**WORK INSTRUCTION:**
Within the listing below, locate all lines containing the word "through". Copy each one.

++++++++++

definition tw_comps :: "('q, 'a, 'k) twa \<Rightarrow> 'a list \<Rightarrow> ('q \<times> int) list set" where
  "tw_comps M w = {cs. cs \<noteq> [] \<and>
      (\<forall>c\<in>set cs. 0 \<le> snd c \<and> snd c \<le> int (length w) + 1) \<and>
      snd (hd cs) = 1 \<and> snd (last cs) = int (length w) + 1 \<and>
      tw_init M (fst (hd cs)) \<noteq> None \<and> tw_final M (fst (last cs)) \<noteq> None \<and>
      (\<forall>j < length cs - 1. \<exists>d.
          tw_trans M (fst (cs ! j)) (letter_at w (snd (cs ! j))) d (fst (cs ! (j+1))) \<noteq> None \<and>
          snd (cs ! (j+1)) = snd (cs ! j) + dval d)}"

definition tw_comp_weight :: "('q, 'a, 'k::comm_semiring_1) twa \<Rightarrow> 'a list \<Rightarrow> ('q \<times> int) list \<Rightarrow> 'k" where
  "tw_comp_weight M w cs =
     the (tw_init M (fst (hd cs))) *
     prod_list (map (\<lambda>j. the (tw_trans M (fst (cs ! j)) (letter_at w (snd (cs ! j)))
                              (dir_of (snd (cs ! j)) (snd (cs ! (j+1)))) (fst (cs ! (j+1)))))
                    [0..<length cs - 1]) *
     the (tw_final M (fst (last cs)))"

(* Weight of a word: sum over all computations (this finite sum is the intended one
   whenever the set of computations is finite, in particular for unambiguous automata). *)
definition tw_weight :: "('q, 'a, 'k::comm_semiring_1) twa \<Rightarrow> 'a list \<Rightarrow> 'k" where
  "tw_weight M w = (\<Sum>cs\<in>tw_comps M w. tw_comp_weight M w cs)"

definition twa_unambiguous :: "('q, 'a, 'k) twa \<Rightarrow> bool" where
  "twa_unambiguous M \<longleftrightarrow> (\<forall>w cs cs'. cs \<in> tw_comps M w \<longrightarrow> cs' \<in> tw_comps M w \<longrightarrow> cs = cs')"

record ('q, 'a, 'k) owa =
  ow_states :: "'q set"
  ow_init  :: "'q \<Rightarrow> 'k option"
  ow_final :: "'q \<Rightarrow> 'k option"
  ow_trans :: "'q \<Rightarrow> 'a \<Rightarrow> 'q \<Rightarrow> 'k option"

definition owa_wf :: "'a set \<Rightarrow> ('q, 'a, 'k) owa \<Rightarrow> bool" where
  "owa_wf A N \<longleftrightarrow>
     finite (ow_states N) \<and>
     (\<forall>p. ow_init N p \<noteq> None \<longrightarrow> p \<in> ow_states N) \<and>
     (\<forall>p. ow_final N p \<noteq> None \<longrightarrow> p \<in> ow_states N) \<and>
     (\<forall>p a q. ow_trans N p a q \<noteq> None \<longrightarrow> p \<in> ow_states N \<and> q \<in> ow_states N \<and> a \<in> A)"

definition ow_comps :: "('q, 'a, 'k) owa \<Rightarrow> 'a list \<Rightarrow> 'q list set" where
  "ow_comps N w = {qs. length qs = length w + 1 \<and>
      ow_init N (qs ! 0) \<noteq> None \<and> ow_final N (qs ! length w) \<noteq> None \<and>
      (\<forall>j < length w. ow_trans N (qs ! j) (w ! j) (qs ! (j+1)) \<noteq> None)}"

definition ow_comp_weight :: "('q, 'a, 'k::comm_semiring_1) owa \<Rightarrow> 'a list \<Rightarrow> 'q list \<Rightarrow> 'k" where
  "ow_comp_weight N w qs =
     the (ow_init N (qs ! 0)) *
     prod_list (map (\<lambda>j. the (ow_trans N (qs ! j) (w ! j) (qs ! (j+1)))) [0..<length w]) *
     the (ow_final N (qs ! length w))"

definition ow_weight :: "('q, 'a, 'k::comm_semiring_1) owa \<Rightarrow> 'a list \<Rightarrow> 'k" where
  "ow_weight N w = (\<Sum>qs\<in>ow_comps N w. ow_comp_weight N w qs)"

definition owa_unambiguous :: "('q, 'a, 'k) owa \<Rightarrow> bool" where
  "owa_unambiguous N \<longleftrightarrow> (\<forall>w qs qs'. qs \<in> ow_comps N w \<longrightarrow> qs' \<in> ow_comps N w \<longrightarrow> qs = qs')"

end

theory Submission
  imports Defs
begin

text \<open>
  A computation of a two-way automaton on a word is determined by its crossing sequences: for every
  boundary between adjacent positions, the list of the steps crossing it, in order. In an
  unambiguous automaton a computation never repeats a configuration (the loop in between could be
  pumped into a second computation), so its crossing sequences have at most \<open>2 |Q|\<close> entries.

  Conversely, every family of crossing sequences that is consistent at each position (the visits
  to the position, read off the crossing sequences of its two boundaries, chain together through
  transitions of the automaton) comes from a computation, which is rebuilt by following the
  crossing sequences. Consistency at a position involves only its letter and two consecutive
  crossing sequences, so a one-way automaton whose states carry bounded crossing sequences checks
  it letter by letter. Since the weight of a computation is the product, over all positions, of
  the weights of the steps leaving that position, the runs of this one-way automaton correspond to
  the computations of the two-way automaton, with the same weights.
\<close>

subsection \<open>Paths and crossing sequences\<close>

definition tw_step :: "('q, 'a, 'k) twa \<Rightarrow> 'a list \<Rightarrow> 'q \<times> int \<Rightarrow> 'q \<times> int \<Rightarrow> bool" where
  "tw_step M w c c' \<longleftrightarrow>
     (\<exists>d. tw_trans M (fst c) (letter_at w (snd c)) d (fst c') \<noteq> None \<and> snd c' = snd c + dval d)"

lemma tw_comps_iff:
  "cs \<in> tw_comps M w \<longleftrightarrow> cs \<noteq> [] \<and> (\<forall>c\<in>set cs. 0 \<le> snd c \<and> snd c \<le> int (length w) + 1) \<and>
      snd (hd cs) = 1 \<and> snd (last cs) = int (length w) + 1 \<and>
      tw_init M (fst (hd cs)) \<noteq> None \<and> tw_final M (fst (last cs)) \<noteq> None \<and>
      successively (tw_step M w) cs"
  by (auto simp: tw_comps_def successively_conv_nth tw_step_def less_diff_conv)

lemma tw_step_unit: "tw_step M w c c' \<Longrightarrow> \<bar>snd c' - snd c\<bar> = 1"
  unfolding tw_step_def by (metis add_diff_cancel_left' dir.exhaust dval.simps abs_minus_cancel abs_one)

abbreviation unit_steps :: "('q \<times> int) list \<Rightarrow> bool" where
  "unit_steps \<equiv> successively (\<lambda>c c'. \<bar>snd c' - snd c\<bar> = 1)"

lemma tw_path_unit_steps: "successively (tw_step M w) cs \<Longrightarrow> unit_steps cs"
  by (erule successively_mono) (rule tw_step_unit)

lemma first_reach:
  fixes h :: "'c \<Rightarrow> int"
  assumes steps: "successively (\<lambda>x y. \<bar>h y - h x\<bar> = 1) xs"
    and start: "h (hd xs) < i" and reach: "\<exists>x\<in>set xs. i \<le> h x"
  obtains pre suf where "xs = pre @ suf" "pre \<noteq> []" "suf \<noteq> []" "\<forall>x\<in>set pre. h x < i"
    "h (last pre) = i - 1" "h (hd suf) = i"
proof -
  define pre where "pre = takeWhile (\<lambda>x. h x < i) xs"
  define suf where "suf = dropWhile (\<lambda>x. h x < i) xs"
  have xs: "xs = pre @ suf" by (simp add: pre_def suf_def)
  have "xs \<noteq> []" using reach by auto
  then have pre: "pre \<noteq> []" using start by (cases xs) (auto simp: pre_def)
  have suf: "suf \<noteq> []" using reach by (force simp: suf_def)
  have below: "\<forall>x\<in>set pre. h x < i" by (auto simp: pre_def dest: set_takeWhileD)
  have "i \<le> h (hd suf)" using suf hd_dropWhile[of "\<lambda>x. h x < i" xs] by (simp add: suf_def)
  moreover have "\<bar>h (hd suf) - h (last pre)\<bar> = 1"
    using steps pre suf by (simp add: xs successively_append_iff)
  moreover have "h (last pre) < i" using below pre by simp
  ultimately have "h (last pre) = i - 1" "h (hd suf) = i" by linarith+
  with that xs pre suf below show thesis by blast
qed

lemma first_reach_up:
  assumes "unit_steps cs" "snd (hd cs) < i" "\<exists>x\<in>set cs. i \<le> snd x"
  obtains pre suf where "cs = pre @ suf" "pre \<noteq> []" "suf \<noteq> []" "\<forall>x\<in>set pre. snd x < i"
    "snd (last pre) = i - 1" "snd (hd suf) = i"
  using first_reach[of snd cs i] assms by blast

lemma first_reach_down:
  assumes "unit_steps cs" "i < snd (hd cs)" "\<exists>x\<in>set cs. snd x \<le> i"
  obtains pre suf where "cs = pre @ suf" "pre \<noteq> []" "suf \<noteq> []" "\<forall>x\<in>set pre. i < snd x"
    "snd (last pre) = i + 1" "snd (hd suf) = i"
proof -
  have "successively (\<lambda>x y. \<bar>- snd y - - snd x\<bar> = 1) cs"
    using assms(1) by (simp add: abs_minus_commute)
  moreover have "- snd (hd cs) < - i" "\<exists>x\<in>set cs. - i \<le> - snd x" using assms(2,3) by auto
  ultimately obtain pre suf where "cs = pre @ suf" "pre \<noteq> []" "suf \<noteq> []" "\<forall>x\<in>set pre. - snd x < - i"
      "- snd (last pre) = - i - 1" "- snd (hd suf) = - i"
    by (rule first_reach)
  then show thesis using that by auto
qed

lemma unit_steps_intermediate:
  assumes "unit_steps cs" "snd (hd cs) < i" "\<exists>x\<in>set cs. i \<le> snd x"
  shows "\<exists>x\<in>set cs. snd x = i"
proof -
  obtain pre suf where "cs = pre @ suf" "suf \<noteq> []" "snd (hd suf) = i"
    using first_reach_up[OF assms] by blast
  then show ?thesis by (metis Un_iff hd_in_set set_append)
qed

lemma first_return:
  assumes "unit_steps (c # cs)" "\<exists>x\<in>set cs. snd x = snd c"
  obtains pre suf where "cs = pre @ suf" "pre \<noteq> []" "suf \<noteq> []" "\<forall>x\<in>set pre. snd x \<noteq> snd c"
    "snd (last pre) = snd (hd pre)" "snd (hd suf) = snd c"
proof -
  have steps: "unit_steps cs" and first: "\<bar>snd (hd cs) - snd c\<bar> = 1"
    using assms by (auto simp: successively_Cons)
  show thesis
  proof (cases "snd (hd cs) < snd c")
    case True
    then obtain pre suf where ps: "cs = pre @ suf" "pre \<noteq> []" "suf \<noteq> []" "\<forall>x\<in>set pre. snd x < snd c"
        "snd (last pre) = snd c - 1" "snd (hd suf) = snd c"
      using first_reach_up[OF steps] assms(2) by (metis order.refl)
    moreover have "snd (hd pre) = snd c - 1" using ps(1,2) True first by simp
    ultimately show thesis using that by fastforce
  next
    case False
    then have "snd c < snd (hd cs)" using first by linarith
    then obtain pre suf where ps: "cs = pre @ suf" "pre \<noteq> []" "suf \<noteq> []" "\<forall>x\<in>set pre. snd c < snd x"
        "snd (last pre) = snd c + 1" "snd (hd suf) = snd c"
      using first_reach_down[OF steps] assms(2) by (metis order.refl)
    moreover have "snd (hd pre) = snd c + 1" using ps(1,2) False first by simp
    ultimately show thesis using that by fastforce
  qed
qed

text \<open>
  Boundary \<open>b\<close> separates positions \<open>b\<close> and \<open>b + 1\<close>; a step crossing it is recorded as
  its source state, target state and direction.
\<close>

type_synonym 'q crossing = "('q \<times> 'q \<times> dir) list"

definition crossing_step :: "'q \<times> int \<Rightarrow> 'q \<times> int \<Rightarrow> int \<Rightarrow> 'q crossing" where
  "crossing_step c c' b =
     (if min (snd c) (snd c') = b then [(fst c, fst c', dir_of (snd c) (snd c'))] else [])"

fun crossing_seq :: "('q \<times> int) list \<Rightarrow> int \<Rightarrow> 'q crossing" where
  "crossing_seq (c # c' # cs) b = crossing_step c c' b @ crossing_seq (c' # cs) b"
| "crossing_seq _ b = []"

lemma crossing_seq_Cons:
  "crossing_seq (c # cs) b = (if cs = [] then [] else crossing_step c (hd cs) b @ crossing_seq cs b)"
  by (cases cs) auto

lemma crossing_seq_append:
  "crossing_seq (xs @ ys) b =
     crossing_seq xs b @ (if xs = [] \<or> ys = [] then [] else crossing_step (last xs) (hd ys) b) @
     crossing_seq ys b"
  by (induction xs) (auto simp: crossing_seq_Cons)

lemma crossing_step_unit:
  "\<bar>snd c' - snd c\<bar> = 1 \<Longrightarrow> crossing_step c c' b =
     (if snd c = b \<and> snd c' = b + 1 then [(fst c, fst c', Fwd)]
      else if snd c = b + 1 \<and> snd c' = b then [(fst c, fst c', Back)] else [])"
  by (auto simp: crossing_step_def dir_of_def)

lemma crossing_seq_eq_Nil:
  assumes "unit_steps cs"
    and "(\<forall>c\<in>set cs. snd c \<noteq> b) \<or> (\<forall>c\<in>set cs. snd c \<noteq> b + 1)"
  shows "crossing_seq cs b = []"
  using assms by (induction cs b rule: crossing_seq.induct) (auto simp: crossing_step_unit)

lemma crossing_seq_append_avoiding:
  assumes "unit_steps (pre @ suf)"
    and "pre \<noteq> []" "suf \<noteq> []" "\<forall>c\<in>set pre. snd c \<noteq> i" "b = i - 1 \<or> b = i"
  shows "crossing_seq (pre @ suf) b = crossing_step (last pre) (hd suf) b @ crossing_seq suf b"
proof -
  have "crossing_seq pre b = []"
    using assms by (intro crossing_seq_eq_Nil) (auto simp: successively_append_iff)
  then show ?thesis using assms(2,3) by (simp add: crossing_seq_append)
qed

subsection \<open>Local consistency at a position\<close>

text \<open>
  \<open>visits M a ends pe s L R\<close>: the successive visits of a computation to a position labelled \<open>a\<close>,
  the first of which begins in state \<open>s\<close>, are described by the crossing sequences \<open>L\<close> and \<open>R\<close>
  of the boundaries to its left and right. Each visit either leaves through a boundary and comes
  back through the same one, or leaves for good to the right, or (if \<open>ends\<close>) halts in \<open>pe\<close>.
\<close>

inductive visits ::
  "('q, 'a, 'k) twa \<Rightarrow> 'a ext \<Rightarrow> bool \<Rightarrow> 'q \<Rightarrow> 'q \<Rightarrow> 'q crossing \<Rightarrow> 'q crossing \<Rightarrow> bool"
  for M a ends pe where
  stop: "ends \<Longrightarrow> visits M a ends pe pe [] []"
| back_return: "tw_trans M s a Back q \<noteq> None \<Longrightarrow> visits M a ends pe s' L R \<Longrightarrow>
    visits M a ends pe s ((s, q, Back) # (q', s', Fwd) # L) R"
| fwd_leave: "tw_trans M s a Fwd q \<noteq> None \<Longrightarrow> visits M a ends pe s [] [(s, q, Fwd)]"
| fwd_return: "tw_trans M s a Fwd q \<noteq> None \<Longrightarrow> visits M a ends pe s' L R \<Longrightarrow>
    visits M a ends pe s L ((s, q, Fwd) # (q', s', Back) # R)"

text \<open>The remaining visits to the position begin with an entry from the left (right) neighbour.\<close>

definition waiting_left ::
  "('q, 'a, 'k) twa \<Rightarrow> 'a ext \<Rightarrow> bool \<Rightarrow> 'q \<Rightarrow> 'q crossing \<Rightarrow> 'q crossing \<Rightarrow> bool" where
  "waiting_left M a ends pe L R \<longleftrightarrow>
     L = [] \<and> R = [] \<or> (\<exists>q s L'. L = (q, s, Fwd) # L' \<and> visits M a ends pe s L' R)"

++++++++++

**EXERCISE OUTPUT:**
  to the position, read off the crossing sequences of its two boundaries, chain together through
  of the boundaries to its left and right. Each visit either leaves through a boundary and comes
  back through the same one, or leaves for good to the right, or (if \<open>ends\<close>) halts in \<open>pe\<close>.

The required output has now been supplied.